**EXERCISE PROMPT**: Every line below between the line holding "using upper by" and the line holding "(simp_all add: powr_less_one)", inclusive, should be repeated exactly, and all other lines omitted.

·····

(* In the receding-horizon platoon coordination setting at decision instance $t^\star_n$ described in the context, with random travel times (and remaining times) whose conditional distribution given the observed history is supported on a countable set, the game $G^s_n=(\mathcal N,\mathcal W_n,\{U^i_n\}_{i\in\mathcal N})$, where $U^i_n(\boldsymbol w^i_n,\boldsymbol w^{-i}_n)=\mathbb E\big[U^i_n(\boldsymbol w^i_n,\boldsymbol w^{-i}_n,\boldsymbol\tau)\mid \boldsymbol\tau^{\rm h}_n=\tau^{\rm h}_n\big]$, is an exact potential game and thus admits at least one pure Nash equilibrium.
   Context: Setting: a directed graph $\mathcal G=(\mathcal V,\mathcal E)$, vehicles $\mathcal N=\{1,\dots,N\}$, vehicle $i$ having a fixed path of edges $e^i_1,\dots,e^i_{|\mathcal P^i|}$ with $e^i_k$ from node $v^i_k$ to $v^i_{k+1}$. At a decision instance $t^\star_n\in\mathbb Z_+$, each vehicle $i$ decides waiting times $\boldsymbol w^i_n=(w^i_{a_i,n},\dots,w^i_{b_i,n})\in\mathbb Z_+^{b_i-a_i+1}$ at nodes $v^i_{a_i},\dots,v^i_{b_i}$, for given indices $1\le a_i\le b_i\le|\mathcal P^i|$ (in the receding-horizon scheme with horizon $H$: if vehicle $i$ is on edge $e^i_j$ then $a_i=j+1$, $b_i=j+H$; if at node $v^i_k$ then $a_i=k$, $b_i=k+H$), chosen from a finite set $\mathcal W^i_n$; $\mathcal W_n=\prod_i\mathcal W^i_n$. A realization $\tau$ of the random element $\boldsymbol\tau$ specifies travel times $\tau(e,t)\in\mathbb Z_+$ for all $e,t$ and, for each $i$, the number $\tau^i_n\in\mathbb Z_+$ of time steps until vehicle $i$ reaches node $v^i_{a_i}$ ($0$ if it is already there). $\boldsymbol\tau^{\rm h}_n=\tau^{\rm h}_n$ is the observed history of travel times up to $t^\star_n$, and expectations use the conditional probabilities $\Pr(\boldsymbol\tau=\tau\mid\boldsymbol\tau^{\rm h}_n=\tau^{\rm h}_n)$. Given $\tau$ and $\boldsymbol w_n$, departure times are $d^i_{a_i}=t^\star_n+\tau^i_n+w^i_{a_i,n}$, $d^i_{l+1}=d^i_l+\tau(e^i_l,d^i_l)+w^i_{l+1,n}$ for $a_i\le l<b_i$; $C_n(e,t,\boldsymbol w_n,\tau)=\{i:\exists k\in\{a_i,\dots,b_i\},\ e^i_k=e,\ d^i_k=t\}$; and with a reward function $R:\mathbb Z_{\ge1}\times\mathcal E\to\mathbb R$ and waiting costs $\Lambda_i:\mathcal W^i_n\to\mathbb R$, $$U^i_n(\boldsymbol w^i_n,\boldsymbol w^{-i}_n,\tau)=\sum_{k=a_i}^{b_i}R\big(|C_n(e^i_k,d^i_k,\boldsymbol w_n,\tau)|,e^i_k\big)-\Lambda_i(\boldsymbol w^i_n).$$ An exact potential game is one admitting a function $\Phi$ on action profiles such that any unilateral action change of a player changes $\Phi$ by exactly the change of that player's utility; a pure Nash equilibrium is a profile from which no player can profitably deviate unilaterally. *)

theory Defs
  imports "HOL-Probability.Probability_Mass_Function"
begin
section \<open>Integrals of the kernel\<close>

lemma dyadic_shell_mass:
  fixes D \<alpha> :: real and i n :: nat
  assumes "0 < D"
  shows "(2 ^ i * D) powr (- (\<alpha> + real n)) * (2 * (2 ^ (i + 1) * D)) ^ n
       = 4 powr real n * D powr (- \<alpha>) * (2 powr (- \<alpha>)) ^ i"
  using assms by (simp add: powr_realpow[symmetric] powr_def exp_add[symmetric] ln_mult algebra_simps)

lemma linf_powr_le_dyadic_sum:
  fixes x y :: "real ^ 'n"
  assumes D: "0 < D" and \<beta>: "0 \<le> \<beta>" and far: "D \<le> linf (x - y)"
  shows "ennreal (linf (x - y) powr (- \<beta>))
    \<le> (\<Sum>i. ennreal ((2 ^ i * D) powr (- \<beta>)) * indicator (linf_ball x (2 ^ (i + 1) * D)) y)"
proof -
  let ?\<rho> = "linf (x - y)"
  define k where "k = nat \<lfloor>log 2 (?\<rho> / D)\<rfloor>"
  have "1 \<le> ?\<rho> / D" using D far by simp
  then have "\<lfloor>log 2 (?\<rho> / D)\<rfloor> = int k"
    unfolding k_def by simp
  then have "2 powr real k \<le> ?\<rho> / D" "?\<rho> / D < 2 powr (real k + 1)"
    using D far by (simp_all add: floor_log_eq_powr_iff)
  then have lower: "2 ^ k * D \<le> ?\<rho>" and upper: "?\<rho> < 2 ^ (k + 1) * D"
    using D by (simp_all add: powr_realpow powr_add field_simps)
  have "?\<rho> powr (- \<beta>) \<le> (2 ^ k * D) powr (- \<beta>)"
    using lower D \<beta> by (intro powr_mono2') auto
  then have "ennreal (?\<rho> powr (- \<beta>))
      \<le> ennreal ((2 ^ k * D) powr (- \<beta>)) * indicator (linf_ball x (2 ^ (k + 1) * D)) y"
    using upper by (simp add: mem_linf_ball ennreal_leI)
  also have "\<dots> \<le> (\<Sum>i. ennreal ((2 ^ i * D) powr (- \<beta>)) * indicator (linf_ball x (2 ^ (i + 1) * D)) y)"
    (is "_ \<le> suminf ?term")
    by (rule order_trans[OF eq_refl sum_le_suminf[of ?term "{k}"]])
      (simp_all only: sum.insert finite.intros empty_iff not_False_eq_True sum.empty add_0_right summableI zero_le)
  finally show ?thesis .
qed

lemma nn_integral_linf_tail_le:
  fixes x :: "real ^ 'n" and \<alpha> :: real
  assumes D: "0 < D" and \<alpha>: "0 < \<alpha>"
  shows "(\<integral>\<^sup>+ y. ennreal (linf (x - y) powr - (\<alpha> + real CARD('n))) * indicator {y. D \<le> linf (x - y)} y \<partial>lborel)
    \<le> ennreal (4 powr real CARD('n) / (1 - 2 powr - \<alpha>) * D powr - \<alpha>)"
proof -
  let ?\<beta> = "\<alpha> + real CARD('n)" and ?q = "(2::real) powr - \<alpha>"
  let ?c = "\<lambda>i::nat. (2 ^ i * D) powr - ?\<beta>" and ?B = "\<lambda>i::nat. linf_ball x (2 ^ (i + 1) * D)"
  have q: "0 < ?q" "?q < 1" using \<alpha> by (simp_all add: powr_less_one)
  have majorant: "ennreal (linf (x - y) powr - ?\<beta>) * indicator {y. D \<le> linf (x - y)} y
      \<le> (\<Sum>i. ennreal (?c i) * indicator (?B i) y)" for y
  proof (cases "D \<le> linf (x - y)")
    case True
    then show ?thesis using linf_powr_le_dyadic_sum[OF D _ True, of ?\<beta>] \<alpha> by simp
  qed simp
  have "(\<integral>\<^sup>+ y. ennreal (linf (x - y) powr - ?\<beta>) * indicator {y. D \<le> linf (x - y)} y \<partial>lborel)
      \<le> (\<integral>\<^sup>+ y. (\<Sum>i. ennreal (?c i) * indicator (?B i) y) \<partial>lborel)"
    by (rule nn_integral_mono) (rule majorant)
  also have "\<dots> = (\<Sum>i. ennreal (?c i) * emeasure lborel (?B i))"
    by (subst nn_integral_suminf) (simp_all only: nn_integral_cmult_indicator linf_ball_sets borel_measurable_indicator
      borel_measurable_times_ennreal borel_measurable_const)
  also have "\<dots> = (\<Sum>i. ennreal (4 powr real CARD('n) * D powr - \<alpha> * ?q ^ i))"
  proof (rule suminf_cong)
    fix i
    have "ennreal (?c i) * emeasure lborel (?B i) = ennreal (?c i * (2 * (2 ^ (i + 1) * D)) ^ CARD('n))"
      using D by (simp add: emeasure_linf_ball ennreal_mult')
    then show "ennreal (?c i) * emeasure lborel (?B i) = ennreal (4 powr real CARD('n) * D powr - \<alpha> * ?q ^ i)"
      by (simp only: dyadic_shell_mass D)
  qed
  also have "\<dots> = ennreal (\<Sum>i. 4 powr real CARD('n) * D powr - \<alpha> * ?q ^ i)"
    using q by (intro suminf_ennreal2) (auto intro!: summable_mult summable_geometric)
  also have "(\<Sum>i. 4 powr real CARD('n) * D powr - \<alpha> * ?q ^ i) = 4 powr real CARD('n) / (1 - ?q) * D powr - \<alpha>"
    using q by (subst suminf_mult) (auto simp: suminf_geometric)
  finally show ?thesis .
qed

·····

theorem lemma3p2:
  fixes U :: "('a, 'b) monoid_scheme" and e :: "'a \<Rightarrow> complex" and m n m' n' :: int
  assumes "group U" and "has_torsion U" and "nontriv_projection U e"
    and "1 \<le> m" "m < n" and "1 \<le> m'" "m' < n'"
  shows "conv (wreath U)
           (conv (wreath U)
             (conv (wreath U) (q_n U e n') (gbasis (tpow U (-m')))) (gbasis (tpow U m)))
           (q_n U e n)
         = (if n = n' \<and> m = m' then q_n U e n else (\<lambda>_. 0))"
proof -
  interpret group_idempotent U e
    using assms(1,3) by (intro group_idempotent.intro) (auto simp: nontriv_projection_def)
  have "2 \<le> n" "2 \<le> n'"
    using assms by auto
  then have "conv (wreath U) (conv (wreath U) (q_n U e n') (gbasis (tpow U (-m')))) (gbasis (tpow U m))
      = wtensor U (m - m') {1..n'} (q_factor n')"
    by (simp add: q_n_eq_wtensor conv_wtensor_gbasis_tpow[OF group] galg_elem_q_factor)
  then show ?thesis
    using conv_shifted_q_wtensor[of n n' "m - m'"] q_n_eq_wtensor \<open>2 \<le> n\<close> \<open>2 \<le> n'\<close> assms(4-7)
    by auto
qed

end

·····

**EXPECTED OUTPUT**:
    using upper by (simp add: mem_linf_ball ennreal_leI)
  also have "\<dots> \<le> (\<Sum>i. ennreal ((2 ^ i * D) powr (- \<beta>)) * indicator (linf_ball x (2 ^ (i + 1) * D)) y)"
    (is "_ \<le> suminf ?term")
    by (rule order_trans[OF eq_refl sum_le_suminf[of ?term "{k}"]])
      (simp_all only: sum.insert finite.intros empty_iff not_False_eq_True sum.empty add_0_right summableI zero_le)
  finally show ?thesis .
qed

lemma nn_integral_linf_tail_le:
  fixes x :: "real ^ 'n" and \<alpha> :: real
  assumes D: "0 < D" and \<alpha>: "0 < \<alpha>"
  shows "(\<integral>\<^sup>+ y. ennreal (linf (x - y) powr - (\<alpha> + real CARD('n))) * indicator {y. D \<le> linf (x - y)} y \<partial>lborel)
    \<le> ennreal (4 powr real CARD('n) / (1 - 2 powr - \<alpha>) * D powr - \<alpha>)"
proof -
  let ?\<beta> = "\<alpha> + real CARD('n)" and ?q = "(2::real) powr - \<alpha>"
  let ?c = "\<lambda>i::nat. (2 ^ i * D) powr - ?\<beta>" and ?B = "\<lambda>i::nat. linf_ball x (2 ^ (i + 1) * D)"
  have q: "0 < ?q" "?q < 1" using \<alpha> by (simp_all add: powr_less_one)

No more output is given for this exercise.